Musée du Louvre /P. Philibert
À la Renaissance, le contexte religieux et culturel aidant, la chevelure se réduit et le corps dévoilé de La Magnifique pénètre les églises.
Cette Madeleine grandeur nature provient probablement de l’église des dominicains d’Augsbourg (Sainte Marie-Madeleine est la patronne des Dominicains), où elle était présentée suspendue au plafond dans un cerceau métallique, ravie au ciel par les anges, comme celle illustrant le tout début de l’article La Marie-Madeleine de la Sainte Baume
Extrait du commentaire du site :
« La présence charnelle de cette statue grandeur nature devait s’imposer fortement dans l’église. Mais l’image sensuelle et quasi profane qu’elle offre aujourd’hui, dépourvue de ses anges sculptés, doit être nuancée. La pose alanguie et l’expression recueillie veulent traduire l’extase mystique de la pénitente ; sa merveilleuse beauté et l’éclat de ses cheveux dorés, veulent évoquer le rayonnement de sa sainteté. La conception de ce nu féminin s’accorde ainsi au contenu spirituel de l’image religieuse, idéalisée selon la tradition médiévale. Gregor Erhart livre ici son chef-d’oeuvre, magistrale création de l’humanisme nordique du Moyen Age finissant, au seuil de la Renaissance. »
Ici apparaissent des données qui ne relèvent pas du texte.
lemma card_conc:
  assumes "finite A" "finite B" "\<And>x. x \<in> A \<Longrightarrow> length x = n"
  shows "card (conc A B) = card A * card B"
proof -
  have "inj_on (\<lambda>(x, y). x @ y) (A \<times> B)"
    using assms(3) by (auto simp: inj_on_def append_eq_append_conv)
  then show ?thesis by (simp add: conc_eq_image card_image card_cartesian_product)
qed

lemma subst_word_Cons: "subst_word \<theta> (a # u) = conc (\<theta> a) (subst_word \<theta> u)"
  by (simp add: conc_def)

lemma subst_word_append: "subst_word \<theta> (u @ v) = conc (subst_word \<theta> u) (subst_word \<theta> v)"
  by (induction u) (simp_all add: conc_assoc subst_word_Cons del: subst_word.simps(2))

lemma subst_word_single [simp]: "subst_word \<theta> [a] = \<theta> a"
  by (simp add: subst_word_Cons del: subst_word.simps(2))

lemma subst_set_single [simp]: "subst_set \<theta> {u} = subst_word \<theta> u"
  by (simp add: subst_set_def)

lemma subst_set_conc: "subst_set \<theta> (conc A B) = conc (subst_set \<theta> A) (subst_set \<theta> B)"
proof
  show "subst_set \<theta> (conc A B) \<subseteq> conc (subst_set \<theta> A) (subst_set \<theta> B)"
    unfolding subst_set_def conc_def by (auto simp: subst_word_append conc_def) blast
  show "conc (subst_set \<theta> A) (subst_set \<theta> B) \<subseteq> subst_set \<theta> (conc A B)"
    unfolding subst_set_def conc_def by (fastforce simp: subst_word_append conc_def)
qed

lemma subst_pow_append: "subst_pow \<theta> m (u @ v) = conc (subst_pow \<theta> m u) (subst_pow \<theta> m v)"
proof (induction m)
  case 0 then show ?case by (simp add: conc_def)
qed (simp add: subst_set_conc)

lemma subst_pow_Nil [simp]: "subst_pow \<theta> m [] = {[]}"
  by (induction m) auto

lemma subst_pow_add: "subst_pow \<theta> (m + k) u = (\<Union>v\<in>subst_pow \<theta> k u. subst_pow \<theta> m v)"
  by (induction m) (auto simp: subst_set_def)

lemma subst_pow_Suc': "subst_pow \<theta> (Suc m) u = (\<Union>v\<in>subst_word \<theta> u. subst_pow \<theta> m v)"
  using subst_pow_add[of \<theta> m 1 u] by (simp add: subst_set_def)

lemma subst_pow_Suc_single: "subst_pow \<theta> (Suc m) [b] = (\<Union>u\<in>\<theta> b. subst_pow \<theta> m u)"
  using subst_pow_Suc'[of \<theta> m "[b]"] by simp

lemma subst_pow_mono: "v \<in> subst_pow \<theta> j u \<Longrightarrow> subst_pow \<theta> m v \<subseteq> subst_pow \<theta> (m + j) u"
  by (auto simp: subst_pow_add)

lemma append3_in_subst_pow:
  "x \<in> subst_pow \<theta> m u \<Longrightarrow> y \<in> subst_pow \<theta> m v \<Longrightarrow> z \<in> subst_pow \<theta> m w \<Longrightarrow>
    x @ y @ z \<in> subst_pow \<theta> m (u @ v @ w)"
  unfolding subst_pow_append conc_def by blast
3) L’apothéose de Marie-Madeleine

Philippe de Champaigne, Le ravissement de sainte Marie-Madeleine, 1656. Décor pour les appartements neufs de la Reine au monastère royal du Val de Grâce. Musée des Beaux-Arts, Marseille.
Le Ravissement (aussi dénommé L’apothéose) de Marie-Madeleine est un décor de grande dimension (3,40 m x 2,05 m.) commandité par la reine Anne d’Autriche en remerciement de la naissance du dauphin, le futur Louis XIV.
Il peut se lire comme une double illusion.
Illusion visuelle d’abord. Placé au plafond, il est conçu pour être vu d’en dessous. Néanmoins le spectateur voit le dessus du groupe ascendant. En sorte que la terre, présente dans les précédents tableaux, est rejetée hors-cadre. Du coup, le retour prochain sur terre n’est plus dans le sujet. (D’ailleurs, peut-on revenir d’une apothéose sans chuter ?)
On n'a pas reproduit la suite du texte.